OS: Linux OS Version: #1 SMP Thu Jan 11 04:09:03 UTC 2024 Python Version: 3.10.14 (main, May 6 2024, 19:42:50) [GCC 11.2.0]

Package Information

langchain_core: 0.2.3 langchain: 0.2.1 langchain_community: 0.2.1 langsmith: 0.1.67 langchain_google_genai: 1.0.5 langchain_text_splitters: 0.2.0 langgraph: 0.0.60

ausarhuy commented 3 months ago
from typing import List, Optional

from langchain_google_genai import GoogleGenerativeAIEmbeddings

class GeminiEmbeddings(GoogleGenerativeAIEmbeddings):
    def embed_documents(self, texts: List[str],
                        task_type: Optional[str] = None,
                        titles: Optional[List[str]] = None,
                        output_dimensionality: Optional[int] = None) -> List[List[float]]:

        embeddings = super().embed_documents(texts, task_type, titles, output_dimensionality)
        # Convert Repeated type to list type
        return list(map(list, embeddings))

This is my current quick fix.

SwastikGorai commented 3 months ago
class GeminiEmbeddings(GoogleGenerativeAIEmbeddings):
    def embed_documents(self, texts: List[str],
                        task_type: Optional[str] = None,
                        titles: Optional[List[str]] = None,
                        output_dimensionality: Optional[int] = None) -> List[List[float]]:

        embeddings = super().embed_documents(texts, task_type, titles, output_dimensionality)
        # Convert Repeated type to list type
        return list(map(list, embeddings))

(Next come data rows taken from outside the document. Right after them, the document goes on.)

lemma relation_coeffs_dvd_prime:
  fixes q :: int and u :: "'i \<Rightarrow> nat \<Rightarrow> int" and V Z :: "'j \<Rightarrow> nat \<Rightarrow> int"
  assumes "prime q" "\<alpha> > 0" "finite I" "finite J"
    and uu: "\<And>i. i \<in> I \<Longrightarrow> \<not> q ^ \<alpha> dvd idot n (u i) (u i)"
    and uu': "\<And>i j. i \<in> I \<Longrightarrow> j \<in> I \<Longrightarrow> i \<noteq> j \<Longrightarrow> q ^ \<alpha> dvd idot n (u i) (u j)"
    and VV: "\<And>i j. i \<in> J \<Longrightarrow> j \<in> J \<Longrightarrow> q ^ \<alpha> dvd idot n (V i) (V j)"
    and uV: "\<And>i j. i \<in> I \<Longrightarrow> j \<in> J \<Longrightarrow> q ^ \<alpha> dvd idot n (u i) (V j)"
    and VZ: "\<And>j l. j \<in> J \<Longrightarrow> l \<in> J \<Longrightarrow> q dvd idot n (V j) (Z l) - (if j = l then 1 else 0)"
    and rel: "\<And>y. (\<Sum>i\<in>I. a i * idot n (u i) y) + (\<Sum>j\<in>J. b j * idot n (V j) y)
                   + (\<Sum>l\<in>J. c l * idot n (Z l) y) = 0"
  shows "(\<forall>i\<in>I. q dvd a i) \<and> (\<forall>j\<in>J. q dvd b j) \<and> (\<forall>l\<in>J. q dvd c l)"
proof -
  have "q ^ \<alpha> dvd c l" if "l \<in> J" for l
  proof (rule pow_dvd_if_cong_identity[of q J "\<lambda>l m. idot n (Z l) (V m)"])
    show "q \<noteq> 0" using \<open>prime q\<close> by auto
    show "q dvd idot n (Z l) (V m) - (if l = m then 1 else 0)" if "l \<in> J" "m \<in> J" for l m
      using VZ[OF that(2,1)] by (simp add: idot_commute eq_commute)
    show "q ^ \<alpha> dvd (\<Sum>l\<in>J. c l * idot n (Z l) (V m))" if "m \<in> J" for m
    proof -
      have "q ^ \<alpha> dvd (\<Sum>i\<in>I. a i * idot n (u i) (V m)) + (\<Sum>j\<in>J. b j * idot n (V j) (V m))"
        using uV VV that by (intro dvd_add dvd_sum) auto
      moreover have "(\<Sum>l\<in>J. c l * idot n (Z l) (V m)) =
          - ((\<Sum>i\<in>I. a i * idot n (u i) (V m)) + (\<Sum>j\<in>J. b j * idot n (V j) (V m)))"
        using rel[of "V m"] by linarith
      ultimately show ?thesis by (simp only: dvd_minus_iff)
    qed
  qed (use that \<open>finite J\<close> in auto)
  then have c: "q dvd c l" if "l \<in> J" for l
    using that \<open>\<alpha> > 0\<close> by (meson dvd_power dvd_trans)
  have "q dvd a m" if "m \<in> I" for m
  proof (rule ccontr)
    assume "\<not> q dvd a m"
    have others: "q ^ \<alpha> dvd (\<Sum>i\<in>I - {m}. a i * idot n (u i) (u m))
        + (\<Sum>j\<in>J. b j * idot n (V j) (u m)) + (\<Sum>l\<in>J. c l * idot n (Z l) (u m))"
      using uu' uV \<open>\<And>l. l \<in> J \<Longrightarrow> q ^ \<alpha> dvd c l\<close> that
      by (intro dvd_add dvd_sum) (auto simp: idot_commute)
    have "(\<Sum>i\<in>I. a i * idot n (u i) (u m)) =
        a m * idot n (u m) (u m) + (\<Sum>i\<in>I - {m}. a i * idot n (u i) (u m))"
      using that \<open>finite I\<close> by (simp add: sum.remove)
    then have "a m * idot n (u m) (u m) = - ((\<Sum>i\<in>I - {m}. a i * idot n (u i) (u m))
        + (\<Sum>j\<in>J. b j * idot n (V j) (u m)) + (\<Sum>l\<in>J. c l * idot n (Z l) (u m)))"
      using rel[of "u m"] by linarith
    with others have "q ^ \<alpha> dvd a m * idot n (u m) (u m)"
      by (simp only: dvd_minus_iff)
    moreover have "coprime (q ^ \<alpha>) (a m)"
      using \<open>prime q\<close> \<open>\<not> q dvd a m\<close> by (simp add: prime_imp_coprime)
    ultimately show False
      using uu[OF that] by (simp add: coprime_dvd_mult_right_iff)
  qed
  moreover have "q dvd b m" if "m \<in> J" for m
  proof -
    have "q dvd (\<Sum>i\<in>I. a i * idot n (u i) (Z m)) + (\<Sum>l\<in>J. c l * idot n (Z l) (Z m))"
      using \<open>\<And>m. m \<in> I \<Longrightarrow> q dvd a m\<close> c by (intro dvd_add dvd_sum) auto
    moreover have "(\<Sum>j\<in>J. b j * idot n (V j) (Z m)) =
        - ((\<Sum>i\<in>I. a i * idot n (u i) (Z m)) + (\<Sum>l\<in>J. c l * idot n (Z l) (Z m)))"
      using rel[of "Z m"] by linarith
    ultimately have "q dvd (\<Sum>j\<in>J. b j * idot n (V j) (Z m))" by (simp only: dvd_minus_iff)
    moreover have "q dvd (\<Sum>j\<in>J. b j * idot n (V j) (Z m)) - b m"
      using dvd_sum_delta_diff[OF \<open>finite J\<close> that, where P="\<lambda>j. idot n (V j) (Z m)"] VZ that
      by blast
    ultimately have "q dvd (\<Sum>j\<in>J. b j * idot n (V j) (Z m)) - ((\<Sum>j\<in>J. b j * idot n (V j) (Z m)) - b m)"
      by (rule dvd_diff)
    then show ?thesis by simp
  qed
  ultimately show ?thesis using c by blast
qed

(* Sum_Type.Plus is spelled out because <+> also denotes set addition of HOL-Algebra,
   which is in scope through Defs. *)
lemma int_independent_Plus:
  fixes q :: int and u :: "'i \<Rightarrow> nat \<Rightarrow> int" and V Z :: "'j \<Rightarrow> nat \<Rightarrow> int"
  assumes "prime q" "\<alpha> > 0" "finite I" "finite J"
    and "\<And>i. i \<in> I \<Longrightarrow> \<not> q ^ \<alpha> dvd idot n (u i) (u i)"
    and "\<And>i j. i \<in> I \<Longrightarrow> j \<in> I \<Longrightarrow> i \<noteq> j \<Longrightarrow> q ^ \<alpha> dvd idot n (u i) (u j)"
    and "\<And>i j. i \<in> J \<Longrightarrow> j \<in> J \<Longrightarrow> q ^ \<alpha> dvd idot n (V i) (V j)"
    and "\<And>i j. i \<in> I \<Longrightarrow> j \<in> J \<Longrightarrow> q ^ \<alpha> dvd idot n (u i) (V j)"
    and "\<And>j l. j \<in> J \<Longrightarrow> l \<in> J \<Longrightarrow> q dvd idot n (V j) (Z l) - (if j = l then 1 else 0)"
  shows "int_independent n (case_sum (case_sum u V) Z) (Sum_Type.Plus (Sum_Type.Plus I J) J)"
proof (rule int_independentI_descent)
  show "q \<noteq> 0" "\<not> is_unit q" using \<open>prime q\<close> by (auto simp: not_prime_unit)
next
  fix a
  let ?w = "case_sum (case_sum u V) Z" and ?K = "Sum_Type.Plus (Sum_Type.Plus I J) J"
  assume "\<forall>t<n. (\<Sum>x\<in>?K. a x * ?w x t) = 0"
  then have "(\<Sum>x\<in>?K. a x * idot n (?w x) y) = 0" for y
    by (simp add: idot_sum_left[symmetric] idot_eq_0_if_left_zero)
  then have "(\<Sum>i\<in>I. a (Inl (Inl i)) * idot n (u i) y) + (\<Sum>j\<in>J. a (Inl (Inr j)) * idot n (V j) y)
      + (\<Sum>l\<in>J. a (Inr l) * idot n (Z l) y) = 0" for y
    using \<open>finite I\<close> \<open>finite J\<close> by (simp add: sum.Plus)
  from relation_coeffs_dvd_prime[OF assms this]
  show "\<forall>x\<in>?K. q dvd a x" by auto
qed

interpretation fs: vector_space "fscale :: 'a::field \<Rightarrow> (nat \<Rightarrow> 'a) \<Rightarrow> _"
  by unfold_locales (auto simp: fscale_def algebra_simps)

interpretation fs_functional: vector_space_pair "fscale :: 'a::field \<Rightarrow> (nat \<Rightarrow> 'a) \<Rightarrow> _" "(*)"
  by unfold_locales (auto simp: fscale_def algebra_simps)

lemma sum_fun_apply: "(sum f A) t = (\<Sum>a\<in>A. f a t)"
  by (induction A rule: infinite_finite_induct) auto

lemma exists_dual_vector:
  fixes B :: "(nat \<Rightarrow> 'a::field) set"
  assumes "fs.independent B" and "\<forall>x\<in>B. \<forall>t\<ge>n. x t = 0"
  shows "\<exists>\<zeta>. \<forall>x\<in>B. (\<Sum>t<n. x t * \<zeta> t) = (if x = b then 1 else 0)"
proof -
  obtain g where lin: "Vector_Spaces.linear fscale (*) g"
    and g: "\<forall>x\<in>B. g x = (if x = b then 1 else 0)"
    using fs_functional.linear_independent_extend[OF assms(1), where f="\<lambda>x. if x = b then 1 else 0"] by blast
  interpret g: Vector_Spaces.linear fscale "(*)" g by (rule lin)
  define e where "e t = (\<lambda>s. if s = t then 1 else 0 :: 'a)" for t :: nat
  have "g x = (\<Sum>t<n. x t * g (e t))" if "x \<in> B" for x
  proof -
    have "x s = (\<Sum>t<n. fscale (x t) (e t)) s" for s
    proof -
      have "(\<Sum>t<n. fscale (x t) (e t)) s = (\<Sum>t<n. if t = s then x s else 0)"
        unfolding sum_fun_apply by (rule sum.cong) (auto simp: fscale_def e_def)
      also have "\<dots> = x s" using assms(2) that by auto
      finally show ?thesis ..
    qed
    then have "x = (\<Sum>t<n. fscale (x t) (e t))" by (rule ext)
    then have "g x = g (\<Sum>t<n. fscale (x t) (e t))" by (rule arg_cong)
    also have "\<dots> = (\<Sum>t<n. x t * g (e t))" by (simp add: g.sum g.scale)
    finally show ?thesis .
  qed
  with g have "\<forall>x\<in>B. (\<Sum>t<n. x t * g (e t)) = (if x = b then 1 else 0)" by simp
  then show ?thesis by (rule exI[of _ "\<lambda>t. g (e t)"])
qed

It throws TypeError: GoogleGenerativeAIEmbeddings.embed_documents() takes 2 positional arguments but 5 were given.

I am using it with:

...
self.embeddings = GeminiEmbeddings(
            model="models/embedding-001")
 docsearch = Chroma.from_texts(..., embedding=self.embeddings, ...) 
...

EDIT: using only super().embed_documents(texts) works.

GMartin-dev commented 3 months ago

This returned type "Repeated" also breaks the CacheBackedEmbeddings when wrapping GoogleGenerativeAIEmbeddings.

ausarhuy commented 3 months ago

This returned type "Repeated" also breaks the CacheBackedEmbeddings when wrapping GoogleGenerativeAIEmbeddings.

Yes, they either change Repeatd to List or add Repeated to all the vectorstores.